Thursday, October 25, 2007
Divided we stand!
I smiled again trying to invoke a response at this human face staring at me. He was a statue. I then shifted my sight on an attractive advertisement board glittering away on this lonely and dark street.
The bus was unsurprisingly late and I had to wait that bit longer. In the course of just loitering around I saw this person trying to see what I was upto and was definitely trying to judge me. This made me uncomfortable. All he had to do was just smile back and connect. But he chose not to, but I could sense the curiosity etched on his face trying to find out more about me. I brushed it away as another one of those instances which I have been in before.
In my short stint of living abroad, these kind of situations pop up very frequently. Our own countrymen do not greet each other. There is an inherent fear among Indians living abroad that other Indians tend to stick to them and would ask them for help if they get friendly or even to just exchange courtesies. Why do we forget our human relation values which are praised and so widely spoken about in other cultures?
I don’t see the logic behind this narrow mindset. I think most Indians living abroad have their own competence which helps them get there. Why do we fear people who come from the same motherland elsewhere so much?
I see the division of an Indian society here much more than back home. This is silent and unexpressed but inherently a very strong kind of discrimination because it is led by some of our country’s fine tuned brains. I would like to call it intellectual discrimination. So here we are, half the globe away from our beloved country land and surprisingly (or unsurprisingly!), divided we stand!
Sunday, October 14, 2007
been there done that.....
So, what is the attention grab in a revolutionary for a wannabe scientist with a bird brain like me?! The only similarity between both of us is the fact that we are both doctors and the parallelism ends right there. Che’ failed the army entrance test because he was an asthmatic. But the failure turned out to be a blessing in disguise. This gave him a chance to join the medical school. During his time as a medical student, he took time off to volunteer as a health care worker even in the presence of his chronic asthmatic condition. He travelled extensively throughout South America on a motorcycle with a biochemist friend volunteering at different medical communities helping them in treating people.
Among them is one instance I remember very vividly is his act of treating leprosy patients in an island in Cambodia and spreading awareness about leprosy to the other unskilled health care workers. The lepers were isolated on a different island which lay across the river and the health workers would cross the river everyday to treat them. Che’ brought about a psychological change in these patients by spending time with them and improving their self confidence. He was their star! Che’ then travelled to other South American countries before finally getting back to medical school to finish his studies.
His revolutionary ideas then made him Fidel Castro’s aide in the Cuban revolution era and the rest is popular history.

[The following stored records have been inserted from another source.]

section \<open>The split Hamiltonian\<close>

locale block_hyperboloid =
  fixes A0 :: "real^('m::finite + 'm)^('m + 'm)" and A1 :: "real^('k::finite + 'k)^('k + 'k)"
  assumes A0_sym: "transpose A0 = A0"
    and A0_pd: "\<forall>x. x \<noteq> 0 \<longrightarrow> x \<bullet> (A0 *v x) > 0"
    and A1_sym: "transpose A1 = A1"
    and A1_nondeg: "invertible A1"
    and A1_hyp: "J_hyperbolic A1"
begin

abbreviation A :: "real^(('m + 'k) + ('m + 'k))^(('m + 'k) + ('m + 'k))" where
  "A \<equiv> block_diag A0 A1"

lemma A_sym: "transpose A = A"
  by (rule transpose_block_diag[OF A0_sym A1_sym])

lemma h1_quadH: "h1 (quadH A)"
proof -
  obtain \<mu>0 where \<mu>0: "\<mu>0 > 0" "\<And>x. \<mu>0 * (x \<bullet> x) \<le> x \<bullet> (A0 *v x)"
    using pos_def_lower_bound[OF A0_sym A0_pd] by blast
  obtain v1 \<mu>1 where \<mu>1: "\<forall>y. \<mu>1 * (y \<bullet> y) \<le> y \<bullet> (A1 *v y)"
    using symmetric_matrix_least_eigenvalue[OF A1_sym] by blast
  obtain S where symS: "transpose S = S" and S: "\<And>y. y \<bullet> y \<le> y \<bullet> (A1 *v (Jmat *v (S *v y)))"
    using J_hyperbolic_lyapunov_matrix[OF A1_hyp A1_sym] by blast
  \<comment> \<open>t is large enough that the Lyapunov term outweighs the negative part of A1\<close>
  define t where "t = \<bar>\<mu>0\<bar> + \<bar>\<mu>1\<bar> + 1"
  define B where "B = block_diag (0::real^('m + 'm)^('m + 'm)) (t *\<^sub>R S)"
  define Y where "Y z = (1/2) *\<^sub>R z + Jmat *v (B *v z)" for z
  have symB: "transpose B = B"
    unfolding B_def by (rule transpose_block_diag) (simp_all add: transpose_zero transpose_scalar symS)
  have "linear Y" unfolding Y_def
    by (rule linearI) (simp_all add: matrix_vector_right_distrib matrix_vector_mult_scaleR algebra_simps)
  moreover have "\<mu>0 / 2 * (norm z)\<^sup>2 - 1 \<le> frechet_derivative (quadH A) (at z) (Y z)" for z
  proof -
    let ?x = "projX z" and ?y = "projY z"
    have "(Jmat *v (S *v ?y)) \<bullet> (A1 *v ?y) = ?y \<bullet> (A1 *v (Jmat *v (S *v ?y)))"
      using inner_symmetric_matrix[OF A1_sym, of "Jmat *v (S *v ?y)" ?y] by (simp add: inner_commute)
    then have dHY: "frechet_derivative (quadH A) (at z) (Y z)
        = 1/2 * (?x \<bullet> (A0 *v ?x) + ?y \<bullet> (A1 *v ?y)) + t * (?y \<bullet> (A1 *v (Jmat *v (S *v ?y))))"
      by (simp add: frechet_derivative_quadH[OF A_sym] Y_def B_def inner_projXY[of _ "A *v z"]
          projX_Jmat projY_Jmat scaleR_matrix_vector_assoc[symmetric] matrix_vector_mult_scaleR
          inner_add_left algebra_simps)
    have "t * (?y \<bullet> ?y) \<le> t * (?y \<bullet> (A1 *v (Jmat *v (S *v ?y))))"
      using S t_def by (intro mult_left_mono) auto
    moreover have "\<mu>0 / 2 * (?y \<bullet> ?y) \<le> (\<mu>1 / 2 + t) * (?y \<bullet> ?y)"
      by (intro mult_right_mono) (auto simp: t_def)
    moreover have "(norm z)\<^sup>2 = ?x \<bullet> ?x + ?y \<bullet> ?y" by (simp add: power2_norm_eq_inner inner_projXY)
    ultimately show ?thesis
      using \<mu>0(2)[of ?x] \<mu>1[rule_format, of ?y] unfolding dHY by (simp add: algebra_simps)
  qed
  ultimately show ?thesis
    unfolding h1_def Y_def
    using liouville_half_id_plus_hamiltonian[OF symB] asymp_regular_linear \<mu>0(1)
    by (intro exI[of _ "\<lambda>z. (1/2) *\<^sub>R z + Jmat *v (B *v z)"] exI[of _ "\<mu>0 / 2"] exI[of _ 1]) auto
qed

lemma quadH_projY_eq_0_bound:
  assumes "\<mu> > 0" "\<And>x. \<mu> * (x \<bullet> x) \<le> x \<bullet> (A0 *v x)" "quadH A z = 0" "projY z = 0"
  shows "norm z \<le> 1 + 2 / \<mu>"
proof -
  have "projX z \<bullet> (A0 *v projX z) = 2"
    using assms(3,4) by (simp add: quadH_def inner_block_diag)
  then have "projX z \<bullet> projX z \<le> 2 / \<mu>"
    using assms(1) assms(2)[of "projX z"] by (simp add: field_simps)
  moreover have "(norm z)\<^sup>2 = projX z \<bullet> projX z"
    using assms(4) by (simp add: power2_norm_eq_inner inner_projXY)
  ultimately show ?thesis
    using norm_le_one_plus_power2[of z] by linarith
qed

lemma h3_quadH: "h3 (quadH A)"
proof -
  obtain \<mu>0 where \<mu>0: "\<mu>0 > 0" "\<And>x. \<mu>0 * (x \<bullet> x) \<le> x \<bullet> (A0 *v x)"
    using pos_def_lower_bound[OF A0_sym A0_pd] by blast
  obtain S where symS: "transpose S = S" and S: "\<And>y. y \<bullet> y \<le> y \<bullet> (A1 *v (Jmat *v (S *v y)))"
    using J_hyperbolic_lyapunov_matrix[OF A1_hyp A1_sym] by blast
  define L where "L = Jmat ** A1"
  have S_pos: "2 * (y \<bullet> y) \<le> qform (lie_deriv_matrix L S) y" for y
    using S[of y] by (simp add: L_def qform_lie_deriv_Jmat_mult[OF A1_sym symS])
  obtain d \<Phi> \<Phi>' \<Phi>'' where d: "d > 0" and poly: "real_polynomial_function \<Phi>"
    and \<Phi>_bound: "\<And>y. d * ((y \<bullet> y) * (y \<bullet> y)) \<le> \<Phi> y"
    and flow: "\<And>y. has_flow_deriv L \<Phi> y (\<Phi>' y)" "\<And>y. has_flow_deriv L \<Phi>' y (\<Phi>'' y)"
    and alternative: "\<And>y. y \<noteq> 0 \<Longrightarrow> \<Phi>' y \<noteq> 0 \<or> \<Phi>'' y > 0"
    using quartic_lyapunov_function[OF symS S_pos] by metis
  define F where "F z = quadH A0 (projX z) + \<Phi> (projY z)" for z
  have PF: "poisson (quadH A) F z = \<Phi>' (projY z)" for z
    using poisson_quadH_block_diag[OF A0_sym A1_sym flow(1)[unfolded L_def], of 1]
    by (simp add: F_def[abs_def])
  have "poisson (quadH A) F = (\<lambda>z. 0 * quadH A0 (projX z) + \<Phi>' (projY z))"
    using PF by auto
  then have PPF: "poisson (quadH A) (poisson (quadH A) F) z = \<Phi>'' (projY z)" for z
    by (simp only:) (rule poisson_quadH_block_diag[OF A0_sym A1_sym flow(2)[unfolded L_def]])
  have poly_F: "real_polynomial_function F"
    unfolding F_def by (rule real_polynomial_function_quadH_plus[OF poly])
  have coercive_F: "coercive_on UNIV F"
  proof (rule coercive_on_UNIV_block)
    show "continuous_on UNIV F"
      using poly_F continuous_on_polymonial_function real_polynomial_function_eq
      by blast
    show "\<mu>0 / 2 * (projX z \<bullet> projX z) + d * ((projY z \<bullet> projY z) * (projY z \<bullet> projY z)) - 1 \<le> F z" for z
      using \<mu>0(2)[of "projX z"] \<Phi>_bound[of "projY z"] by (simp add: F_def quadH_def)
  qed (use \<mu>0(1) d in auto)
  have brackets: "\<forall>z \<in> quadH A -` {0} - cball 0 (1 + 2 / \<mu>0).
      poisson (quadH A) F z \<noteq> 0 \<or> poisson (quadH A) (poisson (quadH A) F) z > 0"
  proof
    fix z assume "z \<in> quadH A -` {0} - cball 0 (1 + 2 / \<mu>0)"
    then have "projY z \<noteq> 0"
      using quadH_projY_eq_0_bound[OF \<mu>0] by auto
    then show "poisson (quadH A) F z \<noteq> 0 \<or> poisson (quadH A) (poisson (quadH A) F) z > 0"
      using alternative PF PPF by simp
  qed
  show ?thesis
    unfolding h3_def
    using smooth_on_real_polynomial_function[OF poly_F] coercive_F brackets
    by (intro exI[of _ UNIV] exI[of _ F] exI[of _ "cball 0 (1 + 2 / \<mu>0)"]) auto
qed

lemma invertible_A: "invertible A"
proof -
  obtain W where W: "W ** A1 = mat 1"
    using A1_nondeg invertible_right_inverse matrix_left_right_inverse by blast
  have "z = 0" if "A *v z = 0" for z
  proof (rule proj_XY_eqI)
    have A0z: "A0 *v projX z = 0" and A1z: "A1 *v projY z = 0"
      using arg_cong[OF that, of projX] arg_cong[OF that, of projY] by simp_all
    show "projX z = projX 0" using A0_pd A0z by force
    have "projY z = W *v (A1 *v projY z)" by (simp add: matrix_vector_mul_assoc W)
    then show "projY z = projY 0" by (simp add: A1z)
  qed
  then show ?thesis using invertible_left_inverse matrix_left_invertible_ker by blast
qed

lemma hyperboloid_matrix_A: "hyperboloid_matrix A"
proof -
  have "\<exists>c>0. \<exists>v. v \<noteq> 0 \<and> A *v v = c *s v"
  proof -
    obtain v \<mu> where v: "v \<noteq> 0" "(- A) *v v = \<mu> *\<^sub>R v" and \<mu>: "\<forall>y. \<mu> * (y \<bullet> y) \<le> y \<bullet> ((- A) *v y)"
      using symmetric_matrix_least_eigenvalue[of "- A"] A_sym by (auto simp: transpose_uminus)
    obtain i :: "'m + 'm" where True by blast
    define y where "y = joinXY (axis i (1::real)) (0::real^('k + 'k))"
    have "y \<bullet> (A *v y) = axis i 1 \<bullet> (A0 *v axis i 1)" by (simp add: inner_block_diag y_def)
    also have "\<dots> > 0" using A0_pd by (simp add: axis_eq_0_iff)
    finally have "\<mu> < 0"
      using \<mu>[rule_format, of y] by (simp add: y_def inner_projXY inner_axis_axis matrix_vector_mult_uminus_left)
    moreover have "A *v v = (- \<mu>) *s v"
      using v(2) by (simp add: matrix_vector_mult_uminus_left scalar_mult_eq_scaleR minus_equation_iff)
    ultimately show ?thesis using v(1) by (intro exI[of _ "- \<mu>"]) auto
  qed
  moreover have "\<exists>c<0. \<exists>v. v \<noteq> 0 \<and> A *v v = c *s v"
  proof -
    obtain y1 where y1: "y1 \<bullet> (A1 *v y1) < 0"
      using J_hyperbolic_indefinite[OF A1_hyp A1_sym A1_nondeg] by blast
    obtain v \<mu> where v: "v \<noteq> 0" "A *v v = \<mu> *\<^sub>R v" and \<mu>: "\<forall>y. \<mu> * (y \<bullet> y) \<le> y \<bullet> (A *v y)"
      using symmetric_matrix_least_eigenvalue[OF A_sym] by blast
    define y where "y = joinXY (0::real^('m + 'm)) y1"
    have "y \<bullet> (A *v y) = y1 \<bullet> (A1 *v y1)" "y \<bullet> y = y1 \<bullet> y1"
      by (simp_all add: inner_block_diag inner_projXY y_def)
    moreover have "y1 \<bullet> y1 > 0" using y1 by auto
    ultimately have "\<mu> < 0" using \<mu>[rule_format, of y] y1 by (smt (verit) mult_nonneg_nonneg)
    then show ?thesis using v by (auto simp: scalar_mult_eq_scaleR)
  qed
  ultimately show ?thesis
    unfolding hyperboloid_matrix_def using A_sym invertible_A by blast
qed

Well what I like about Che’ is his daring medical travels that took him to the most unlikely places on this globe which benefited the people in distress. It is amazing to be able to come in contact with the people who are miles away from the nearest health professional let alone a hospital. Health care in many countries is in an impoverished condition and millions die due to lack of health care facilities. For me Che Guevara is a personality who beat the odds which no medical professional would dare doing. I would definitely remember him as a “medical revolutionary” who had, been there and done that!
Tuesday, October 9, 2007
Colourblind…….
As always I was on my way to work on the bus which now I have found quite entertaining. Thanks to my blog writing habit to keep me awake through the journey.

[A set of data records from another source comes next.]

(* Let $\mathcal C'\subseteq\{0,1\}^n$ be a neural code, $c\in\{0,1\}^n$, and $CF(J_{\mathcal C'})=\{f_1,\dots,f_r\}$. Let $M=\{f\in CF(J_{\mathcal C'}) : f(c)=0\}$ and $N=CF(J_{\mathcal C'})\setminus M$. Let $L$ be the set of all products $g=f\cdot(x_i-c_i)$ with $f\in N$ and $i\in[n]$ such that (a) the polynomial $x_i-c_i-1$ does not divide $f$, and (b) $g$ is not a multiple (in $\mathbb F_2[x_1,\dots,x_n]$) of any element of $M$. Then $CF(J_{\mathcal C'\cup\{c\}})=M\cup L$.
   Context: All polynomials lie in $\mathbb F_2[x_1,\dots,x_n]$ (so $x_i-c_i$ is $x_i$ if $c_i=0$ and $1-x_i$ if $c_i=1$). A pseudo-monomial is a polynomial $\prod_{i\in\sigma}x_i\prod_{j\in\tau}(1-x_j)$ with $\sigma\cap\tau=\emptyset$. For $v\in\{0,1\}^n$ let $\rho_v=\prod_{v_i=1}x_i\prod_{v_j=0}(1-x_j)$. For a code $\mathcal C\subseteq\{0,1\}^n$, the neural ideal is $J_\mathcal C=\langle\rho_v : v\in\{0,1\}^n\setminus\mathcal C\rangle$. A pseudo-monomial $f\in J_\mathcal C$ is minimal if there is no pseudo-monomial $g\in J_\mathcal C$ of smaller degree with $f=gh$ for some polynomial $h$; the canonical form $CF(J_\mathcal C)$ is the set of all minimal pseudo-monomials in $J_\mathcal C$. *)

theory Defs
  imports "HOL-Library.Poly_Mapping" "HOL-Library.Z2"
begin

(* F_2[x_1,...,x_n] is the subring of polynomials using only variables with index < n
   (variable x_(i+1) of the paper is Var i here). *)
type_synonym poly = "(nat \<Rightarrow>\<^sub>0 nat) \<Rightarrow>\<^sub>0 bit"

definition Var :: "nat \<Rightarrow> poly" where
  "Var i = Poly_Mapping.single (Poly_Mapping.single i 1) 1"

definition in_ring :: "nat \<Rightarrow> poly \<Rightarrow> bool" where
  "in_ring n p \<longleftrightarrow> (\<forall>m\<in>Poly_Mapping.keys p. Poly_Mapping.keys m \<subseteq> {..<n})"

definition pdvd :: "nat \<Rightarrow> poly \<Rightarrow> poly \<Rightarrow> bool" where
  "pdvd n f g \<longleftrightarrow> (\<exists>h. in_ring n h \<and> g = f * h)"

definition total_degree :: "poly \<Rightarrow> nat" where
  "total_degree p = Max (insert 0 ((\<lambda>m. sum (Poly_Mapping.lookup m) (Poly_Mapping.keys m)) ` Poly_Mapping.keys p))"

definition pseudo_monomial :: "nat \<Rightarrow> poly \<Rightarrow> bool" where
  "pseudo_monomial n f \<longleftrightarrow> (\<exists>\<sigma> \<tau>. \<sigma> \<subseteq> {..<n} \<and> \<tau> \<subseteq> {..<n} \<and> \<sigma> \<inter> \<tau> = {} \<and>
      f = (\<Prod>i\<in>\<sigma>. Var i) * (\<Prod>j\<in>\<tau>. 1 - Var j))"

definition words :: "nat \<Rightarrow> bool list set" where
  "words n = {v. length v = n}"

definition rho :: "bool list \<Rightarrow> poly" where
  "rho v = (\<Prod>i\<in>{i. i < length v \<and> v ! i}. Var i) * (\<Prod>j\<in>{j. j < length v \<and> \<not> v ! j}. 1 - Var j)"

definition ideal_gen :: "nat \<Rightarrow> poly set \<Rightarrow> poly set" where
  "ideal_gen n G = {p. \<exists>h. (\<forall>g\<in>G. in_ring n (h g)) \<and> p = (\<Sum>g\<in>G. h g * g)}"

definition neural_ideal :: "nat \<Rightarrow> bool list set \<Rightarrow> poly set" where
  "neural_ideal n C = ideal_gen n (rho ` (words n - C))"

definition minimal_pm :: "nat \<Rightarrow> poly set \<Rightarrow> poly \<Rightarrow> bool" where
  "minimal_pm n J f \<longleftrightarrow> pseudo_monomial n f \<and> f \<in> J \<and>
     \<not> (\<exists>g h. pseudo_monomial n g \<and> g \<in> J \<and> in_ring n h \<and>
            total_degree g < total_degree f \<and> f = g * h)"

I was passing through the central business district and there was something that I found was missing, but was hard to nail it down. It happened for more than a couple of weeks. The moment I enter the CBD, my eyes were seeing a void in something that it was usually wasn’t used to. Then the vision would lead me to a sense of boredom and a pinch of depression.
And then one day, eureka! I figured out what it was! It was the lack of colour I am used to seeing back home in
On the contrary, all I see here people wear are shades of blue, black which is the most predominant and the occasional browns if you are lucky. I really cannot figure out the lack of colour in this supposedly lively place.
My appetite for colour can never be quenched here I suppose. I just hope the Lamarkian theory of the use and disuse of organs does not act on my optic nerve and render me colourblind!